Сам же Александр, совсем не спавший в эту ночь, но счастливый, как никогда, ликовал в душе, слыша, как славят его. Сегодня ночью, когда пришел он в казармы гвардейского Московского полка и Экипажа, объявил всем, что Николай неправ был, провозгласив себя императором, он, хоть и слышал те же приветственные крики, но видел между тем какое-то равнодушие на лицах служивых. Еще тогда показалось ему, кто кричат они здравицы в его честь, точно заведенные часы, которым в положенное время должно давать сигнал два, три или двенадцать раз. Он не понимал, что живут эти люди согласно установленным Богом, Природой и давно сложившимся укладом правилам, а поэтому подспудно знают, что никакие перемены одного царя на другого ни на волос не прибавят, но и не убавят от чаши их бытия. Они будут все так же служить, работать, получать те же затрещины от начальников, или слышать те же слова похвалы, есть те же щи и кашу, по вечерам вести прежние беседы, в праздничные дни пить ту же водку и хмелеть, и получать радость от приема спиртного все так же, по-прежнему. В свободные от службы часы они — будь на престоле Александр или черт лысый, — они будут ходить к зазнобушке, какой-нибудь кухарке, поломойке, торговке или даже к белошвейке. Но славили они ожившего государя потому, что всякая перемена доставляла им радость, приятно будоражила их нервы, как те же самые короткие часы досуга, поход в баню, молебен, праздничная чарка или убогая спальня убогой любовницы.

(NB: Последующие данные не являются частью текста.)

(* If $k$ is even and sufficiently large, and $n$ is even, then for every integer $i$ with $k/2<i<k$, $$N(CM,k,n)\ge \frac{n(5ik-k+i+i^2)-2(k-i)}{(2k+3+i)ik}.$$ In particular, for every $\varepsilon>0$ there is $k_0$ such that for every even $k>k_0$ there is $n_0(k)$ such that for every even $n>n_0(k)$ we have $N(CM,k,n)>(11/5-\varepsilon)\,n/k$.
   Context: We are given $n$ balls, the set $[n]=\{1,\dots,n\}$, each colored with one of two colors by an unknown coloring. A ball $i$ is a majority ball if more than $n/2$ balls have the same color as $i$. A query is a subset $Q\subseteq[n]$ with $|Q|=k$. In the Counting Model (CM), the answer to a query $Q$ is the number $j\le k/2$ such that $Q$ contains exactly $j$ balls of one of the colors (and $k-j$ of the other); no indication of which color is given. A non-adaptive strategy is a family of queries $Q_1,\dots,Q_q$ fixed in advance. It succeeds if for every coloring, the answers determine the outcome: either every coloring consistent with the answers has no majority ball, or there is a ball that is a majority ball in every coloring consistent with the answers. $N(CM,k,n)$ is the minimum number of queries in a successful non-adaptive strategy. *)

theory Defs
  imports Main "HOL-Library.Extended_Real"
begin

text \<open>Balls are 1..n; a coloring is a function nat => bool (only values on 1..n matter).\<close>

definition maj_ball :: "nat \<Rightarrow> (nat \<Rightarrow> bool) \<Rightarrow> nat \<Rightarrow> bool" where
  "maj_ball n c i \<longleftrightarrow> i \<in> {1..n} \<and> 2 * card {j \<in> {1..n}. c j = c i} > n"

definition cm_answer :: "(nat \<Rightarrow> bool) \<Rightarrow> nat set \<Rightarrow> nat" where
  "cm_answer c Q = min (card {j \<in> Q. c j}) (card {j \<in> Q. \<not> c j})"

definition valid_queries :: "nat \<Rightarrow> nat \<Rightarrow> nat set list \<Rightarrow> bool" where
  "valid_queries k n qs \<longleftrightarrow> (\<forall>Q \<in> set qs. Q \<subseteq> {1..n} \<and> card Q = k)"

definition consistent :: "nat set list \<Rightarrow> (nat \<Rightarrow> bool) \<Rightarrow> (nat \<Rightarrow> bool) \<Rightarrow> bool" where
  "consistent qs c c' \<longleftrightarrow> (\<forall>Q \<in> set qs. cm_answer c' Q = cm_answer c Q)"

definition succeeds :: "nat \<Rightarrow> nat set list \<Rightarrow> bool" where
  "succeeds n qs \<longleftrightarrow> (\<forall>c.
     (\<forall>c'. consistent qs c c' \<longrightarrow> \<not> (\<exists>i. maj_ball n c' i)) \<or>
     (\<exists>i. \<forall>c'. consistent qs c c' \<longrightarrow> maj_ball n c' i))"

text \<open>N(CM,k,n): minimum number of queries of a successful non-adaptive strategy
  (infinity if there is none).\<close>
definition N_CM :: "nat \<Rightarrow> nat \<Rightarrow> enat" where
  "N_CM k n = (INF qs \<in> {qs. valid_queries k n qs \<and> succeeds n qs}. enat (length qs))"

end

(*
  A successful strategy with q queries in fact satisfies 3 n <= q (k + 2), which implies both
  claims. Start from a colouring c with n/2 balls of each colour. Flipping the colours of a set F
  of balls does not change the answer to a query Q if c is balanced on Q inter F or on Q - F; if c
  is unbalanced on F, the flipped colouring has a majority ball and c has none, so the strategy
  fails.

  Balls lying in at most two queries are edges of a multigraph on the queries plus one extra
  vertex. If one of them lies in no query, or there are more of them than queries, this graph has
  a cycle of some L <= q + 1 balls. An alternating colouring of the cycle fails to alternate at no
  more than two queries, and if n >= L + 2k the other balls can be coloured so that c is balanced
  on [n] and on the part of these two queries outside the cycle. Flipping the cycle then refutes
  the strategy, so n < q + 1 + 2k. Otherwise every ball lies in some query and all but at most q
  balls lie in three, and double counting gives 3 n - 2 q <= q k. Finally, swapping two balls
  with the same set of queries is invisible, so n <= 2^(q+1); for k >= 2^14 this settles the
  remaining range k <= n < 4k.
*)

theory Submission
  imports Defs "HOL-Combinatorics.Transposition"
begin

section \<open>Balanced colourings\<close>

lemma card_filter_Int_Diff:
  assumes "finite A"
  shows "card {x \<in> A. P x} = card {x \<in> A \<inter> F. P x} + card {x \<in> A - F. P x}"
proof -
  have "{x \<in> A. P x} = {x \<in> A \<inter> F. P x} \<union> {x \<in> A - F. P x}" by blast
  moreover have "{x \<in> A \<inter> F. P x} \<inter> {x \<in> A - F. P x} = {}" by blast
  ultimately show ?thesis using assms by (simp add: card_Un_disjoint)
qed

На площади появились войска, верные Николаю — преображенцы, потом чинно выехали в блестящих кирасах конногвардейцы. Александр давно ждал этого момента. Ему нужно было, чтобы его узнали, чтобы он смог проявить силу своей власти над некогда подвластными ему полками, где любили его, восторженно и беззаветно любили. Николай, посылавший на Петровскую площадь верные ему части, слышал о том, что кричали там бунтовщики. То, что в Таганроге умер самозванец, для него было ясно, а поэтому теперь он трепетал, каждым волоском своих нервов ощущая присутствие рядом, в двухстах саженях от Зимнего дворца того, кто может по праву забрать у него власть, престол, снившиеся ему ночами. И отдать долгожданную власть кому-то, пусть даже законному императору, он не захотел. Он смел бы сейчас любого, пусть и брата своего, лишь бы войска оказались послушным ему. Но он, хоть и был черств душой, груб и зол, знал в то же время, что солдату безразлично, кто им правит. Николай догадывался, что внутри сердца своего служивый подчиняется не полковым начальникам, не царю, а живет по воле независимых от командирских желаний причин, а поэтому боялся…

Александр, в бобровой шапке, в шинели с лисьим воротником, бегал от роты к роте, от эскадрона к эскадрону, говорил солдатам и кавалеристам, что он — Александр, российский император, но те и другие начинали сменяться над ним, показывали ему кукиши, грозили оружием. Из стройных шеренг неслось:

— Гляди-ка, сам царь батюшка ожил! С небес к нам возвернулся!

— Не иначе как сам архангел Михаил его на своих крылах принес, а Господь Бог ему личико почистил, чтоб попригожей выглядел на землице!

— Н-да! А ещё шинелку ему справил, чтоб в рассее не замерз по времени зимнему! Эх, добр же Господь к людям-расеянам! Не оставит их безо присмотру, одарит цариком!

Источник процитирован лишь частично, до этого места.